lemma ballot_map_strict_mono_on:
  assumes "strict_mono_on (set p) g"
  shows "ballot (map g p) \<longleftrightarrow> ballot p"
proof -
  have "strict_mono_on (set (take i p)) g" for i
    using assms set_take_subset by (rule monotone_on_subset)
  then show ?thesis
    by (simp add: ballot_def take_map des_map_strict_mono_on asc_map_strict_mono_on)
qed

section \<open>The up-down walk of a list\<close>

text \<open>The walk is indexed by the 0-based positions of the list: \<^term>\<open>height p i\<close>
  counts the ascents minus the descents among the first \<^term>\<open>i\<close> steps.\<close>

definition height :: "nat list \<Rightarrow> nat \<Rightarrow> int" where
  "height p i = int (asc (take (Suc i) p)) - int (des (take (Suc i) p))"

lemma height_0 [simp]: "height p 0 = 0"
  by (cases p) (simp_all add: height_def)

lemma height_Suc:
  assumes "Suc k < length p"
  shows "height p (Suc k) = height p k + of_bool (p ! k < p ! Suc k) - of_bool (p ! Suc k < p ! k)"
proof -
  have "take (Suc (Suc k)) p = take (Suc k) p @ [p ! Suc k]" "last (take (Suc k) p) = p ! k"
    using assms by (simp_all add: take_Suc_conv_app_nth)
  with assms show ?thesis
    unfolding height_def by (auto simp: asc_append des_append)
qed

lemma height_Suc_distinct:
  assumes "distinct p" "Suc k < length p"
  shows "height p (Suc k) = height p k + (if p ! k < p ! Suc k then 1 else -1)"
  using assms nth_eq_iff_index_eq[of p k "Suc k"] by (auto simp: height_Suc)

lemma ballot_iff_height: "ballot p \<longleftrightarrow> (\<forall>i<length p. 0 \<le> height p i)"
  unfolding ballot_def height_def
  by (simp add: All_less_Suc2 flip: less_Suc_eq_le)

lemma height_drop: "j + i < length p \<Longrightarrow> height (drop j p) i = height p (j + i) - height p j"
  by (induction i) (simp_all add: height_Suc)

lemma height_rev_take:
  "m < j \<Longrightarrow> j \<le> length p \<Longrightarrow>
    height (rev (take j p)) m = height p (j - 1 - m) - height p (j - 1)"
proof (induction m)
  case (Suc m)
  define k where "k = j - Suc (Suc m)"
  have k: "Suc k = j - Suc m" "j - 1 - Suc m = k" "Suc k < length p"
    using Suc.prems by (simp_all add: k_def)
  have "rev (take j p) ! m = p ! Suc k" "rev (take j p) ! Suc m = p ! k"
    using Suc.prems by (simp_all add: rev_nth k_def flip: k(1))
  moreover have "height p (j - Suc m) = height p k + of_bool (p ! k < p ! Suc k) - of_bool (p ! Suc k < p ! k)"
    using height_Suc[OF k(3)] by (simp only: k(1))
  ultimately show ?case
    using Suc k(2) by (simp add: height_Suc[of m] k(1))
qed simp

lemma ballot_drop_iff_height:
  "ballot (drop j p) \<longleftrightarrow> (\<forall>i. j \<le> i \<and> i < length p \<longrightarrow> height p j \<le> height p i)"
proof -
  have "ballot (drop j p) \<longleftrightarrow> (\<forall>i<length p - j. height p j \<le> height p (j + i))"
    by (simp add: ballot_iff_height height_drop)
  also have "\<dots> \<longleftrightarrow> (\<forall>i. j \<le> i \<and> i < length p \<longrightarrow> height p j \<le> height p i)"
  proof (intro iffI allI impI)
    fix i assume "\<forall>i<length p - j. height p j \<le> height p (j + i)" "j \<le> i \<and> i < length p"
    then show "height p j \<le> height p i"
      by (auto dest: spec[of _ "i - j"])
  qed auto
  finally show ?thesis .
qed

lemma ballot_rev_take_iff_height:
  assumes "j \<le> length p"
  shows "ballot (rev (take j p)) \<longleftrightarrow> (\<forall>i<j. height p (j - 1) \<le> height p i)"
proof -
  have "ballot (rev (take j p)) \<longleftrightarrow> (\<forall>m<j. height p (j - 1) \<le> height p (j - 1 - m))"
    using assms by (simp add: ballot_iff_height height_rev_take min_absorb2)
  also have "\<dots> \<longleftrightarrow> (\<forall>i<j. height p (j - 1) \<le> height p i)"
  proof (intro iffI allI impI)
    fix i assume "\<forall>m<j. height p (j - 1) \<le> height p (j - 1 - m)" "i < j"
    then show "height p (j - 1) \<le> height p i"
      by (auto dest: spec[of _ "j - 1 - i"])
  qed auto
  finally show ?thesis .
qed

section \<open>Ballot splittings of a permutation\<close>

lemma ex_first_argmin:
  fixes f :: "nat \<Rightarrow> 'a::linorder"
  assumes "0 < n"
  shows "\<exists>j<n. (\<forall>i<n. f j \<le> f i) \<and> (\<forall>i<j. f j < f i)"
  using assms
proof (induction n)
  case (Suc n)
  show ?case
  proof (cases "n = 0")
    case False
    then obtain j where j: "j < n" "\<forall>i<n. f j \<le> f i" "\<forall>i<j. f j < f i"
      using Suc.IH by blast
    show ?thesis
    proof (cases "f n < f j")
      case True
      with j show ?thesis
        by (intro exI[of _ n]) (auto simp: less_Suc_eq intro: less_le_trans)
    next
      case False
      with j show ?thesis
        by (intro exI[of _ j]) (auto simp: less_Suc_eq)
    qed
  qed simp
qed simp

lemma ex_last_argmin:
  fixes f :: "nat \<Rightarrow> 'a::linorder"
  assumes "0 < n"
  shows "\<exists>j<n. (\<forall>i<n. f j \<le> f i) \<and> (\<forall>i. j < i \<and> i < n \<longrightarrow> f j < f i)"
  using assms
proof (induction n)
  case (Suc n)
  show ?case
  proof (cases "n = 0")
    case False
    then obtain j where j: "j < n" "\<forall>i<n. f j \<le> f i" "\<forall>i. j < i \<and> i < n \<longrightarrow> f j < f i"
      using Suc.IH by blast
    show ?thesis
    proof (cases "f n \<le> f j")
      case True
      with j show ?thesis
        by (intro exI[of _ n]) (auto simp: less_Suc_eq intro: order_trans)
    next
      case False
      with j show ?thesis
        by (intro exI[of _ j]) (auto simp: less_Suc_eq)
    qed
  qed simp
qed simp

· · · · ·

**Assignment:**
Set every line of the data down again, word for word.

**Answer to this exercise:**
lemma ballot_map_strict_mono_on:
  assumes "strict_mono_on (set p) g"
  shows "ballot (map g p) \<longleftrightarrow> ballot p"
proof -
  have "strict_mono_on (set (take i p)) g" for i
    using assms set_take_subset by (rule monotone_on_subset)
  then show ?thesis
    by (simp add: ballot_def take_map des_map_strict_mono_on asc_map_strict_mono_on)
qed

section \<open>The up-down walk of a list\<close>

text \<open>The walk is indexed by the 0-based positions of the list: \<^term>\<open>height p i\<close>
  counts the ascents minus the descents among the first \<^term>\<open>i\<close> steps.\<close>

definition height :: "nat list \<Rightarrow> nat \<Rightarrow> int" where
  "height p i = int (asc (take (Suc i) p)) - int (des (take (Suc i) p))"

lemma height_0 [simp]: "height p 0 = 0"
  by (cases p) (simp_all add: height_def)

lemma height_Suc:
  assumes "Suc k < length p"
  shows "height p (Suc k) = height p k + of_bool (p ! k < p ! Suc k) - of_bool (p ! Suc k < p ! k)"
proof -
  have "take (Suc (Suc k)) p = take (Suc k) p @ [p ! Suc k]" "last (take (Suc k) p) = p ! k"
    using assms by (simp_all add: take_Suc_conv_app_nth)
  with assms show ?thesis
    unfolding height_def by (auto simp: asc_append des_append)
qed

lemma height_Suc_distinct:
  assumes "distinct p" "Suc k < length p"
  shows "height p (Suc k) = height p k + (if p ! k < p ! Suc k then 1 else -1)"
  using assms nth_eq_iff_index_eq[of p k "Suc k"] by (auto simp: height_Suc)

lemma ballot_iff_height: "ballot p \<longleftrightarrow> (\<forall>i<length p. 0 \<le> height p i)"
  unfolding ballot_def height_def
  by (simp add: All_less_Suc2 flip: less_Suc_eq_le)

lemma height_drop: "j + i < length p \<Longrightarrow> height (drop j p) i = height p (j + i) - height p j"
  by (induction i) (simp_all add: height_Suc)

lemma height_rev_take:
  "m < j \<Longrightarrow> j \<le> length p \<Longrightarrow>
    height (rev (take j p)) m = height p (j - 1 - m) - height p (j - 1)"
proof (induction m)
  case (Suc m)
  define k where "k = j - Suc (Suc m)"
  have k: "Suc k = j - Suc m" "j - 1 - Suc m = k" "Suc k < length p"
    using Suc.prems by (simp_all add: k_def)
  have "rev (take j p) ! m = p ! Suc k" "rev (take j p) ! Suc m = p ! k"
    using Suc.prems by (simp_all add: rev_nth k_def flip: k(1))
  moreover have "height p (j - Suc m) = height p k + of_bool (p ! k < p ! Suc k) - of_bool (p ! Suc k < p ! k)"
    using height_Suc[OF k(3)] by (simp only: k(1))
  ultimately show ?case
    using Suc k(2) by (simp add: height_Suc[of m] k(1))
qed simp

lemma ballot_drop_iff_height:
  "ballot (drop j p) \<longleftrightarrow> (\<forall>i. j \<le> i \<and> i < length p \<longrightarrow> height p j \<le> height p i)"
proof -
  have "ballot (drop j p) \<longleftrightarrow> (\<forall>i<length p - j. height p j \<le> height p (j + i))"
    by (simp add: ballot_iff_height height_drop)
  also have "\<dots> \<longleftrightarrow> (\<forall>i. j \<le> i \<and> i < length p \<longrightarrow> height p j \<le> height p i)"
  proof (intro iffI allI impI)
    fix i assume "\<forall>i<length p - j. height p j \<le> height p (j + i)" "j \<le> i \<and> i < length p"
    then show "height p j \<le> height p i"
      by (auto dest: spec[of _ "i - j"])
  qed auto
  finally show ?thesis .
qed

lemma ballot_rev_take_iff_height:
  assumes "j \<le> length p"
  shows "ballot (rev (take j p)) \<longleftrightarrow> (\<forall>i<j. height p (j - 1) \<le> height p i)"
proof -
  have "ballot (rev (take j p)) \<longleftrightarrow> (\<forall>m<j. height p (j - 1) \<le> height p (j - 1 - m))"
    using assms by (simp add: ballot_iff_height height_rev_take min_absorb2)
  also have "\<dots> \<longleftrightarrow> (\<forall>i<j. height p (j - 1) \<le> height p i)"
  proof (intro iffI allI impI)
    fix i assume "\<forall>m<j. height p (j - 1) \<le> height p (j - 1 - m)" "i < j"
    then show "height p (j - 1) \<le> height p i"
      by (auto dest: spec[of _ "j - 1 - i"])
  qed auto
  finally show ?thesis .
qed

section \<open>Ballot splittings of a permutation\<close>

lemma ex_first_argmin:
  fixes f :: "nat \<Rightarrow> 'a::linorder"
  assumes "0 < n"
  shows "\<exists>j<n. (\<forall>i<n. f j \<le> f i) \<and> (\<forall>i<j. f j < f i)"
  using assms
proof (induction n)
  case (Suc n)
  show ?case
  proof (cases "n = 0")
    case False
    then obtain j where j: "j < n" "\<forall>i<n. f j \<le> f i" "\<forall>i<j. f j < f i"
      using Suc.IH by blast
    show ?thesis
    proof (cases "f n < f j")
      case True
      with j show ?thesis
        by (intro exI[of _ n]) (auto simp: less_Suc_eq intro: less_le_trans)
    next
      case False
      with j show ?thesis
        by (intro exI[of _ j]) (auto simp: less_Suc_eq)
    qed
  qed simp
qed simp

lemma ex_last_argmin:
  fixes f :: "nat \<Rightarrow> 'a::linorder"
  assumes "0 < n"
  shows "\<exists>j<n. (\<forall>i<n. f j \<le> f i) \<and> (\<forall>i. j < i \<and> i < n \<longrightarrow> f j < f i)"
  using assms
proof (induction n)
  case (Suc n)
  show ?case
  proof (cases "n = 0")
    case False
    then obtain j where j: "j < n" "\<forall>i<n. f j \<le> f i" "\<forall>i. j < i \<and> i < n \<longrightarrow> f j < f i"
      using Suc.IH by blast
    show ?thesis
    proof (cases "f n \<le> f j")
      case True
      with j show ?thesis
        by (intro exI[of _ n]) (auto simp: less_Suc_eq intro: order_trans)
    next
      case False
      with j show ?thesis
        by (intro exI[of _ j]) (auto simp: less_Suc_eq)
    qed
  qed simp
qed simp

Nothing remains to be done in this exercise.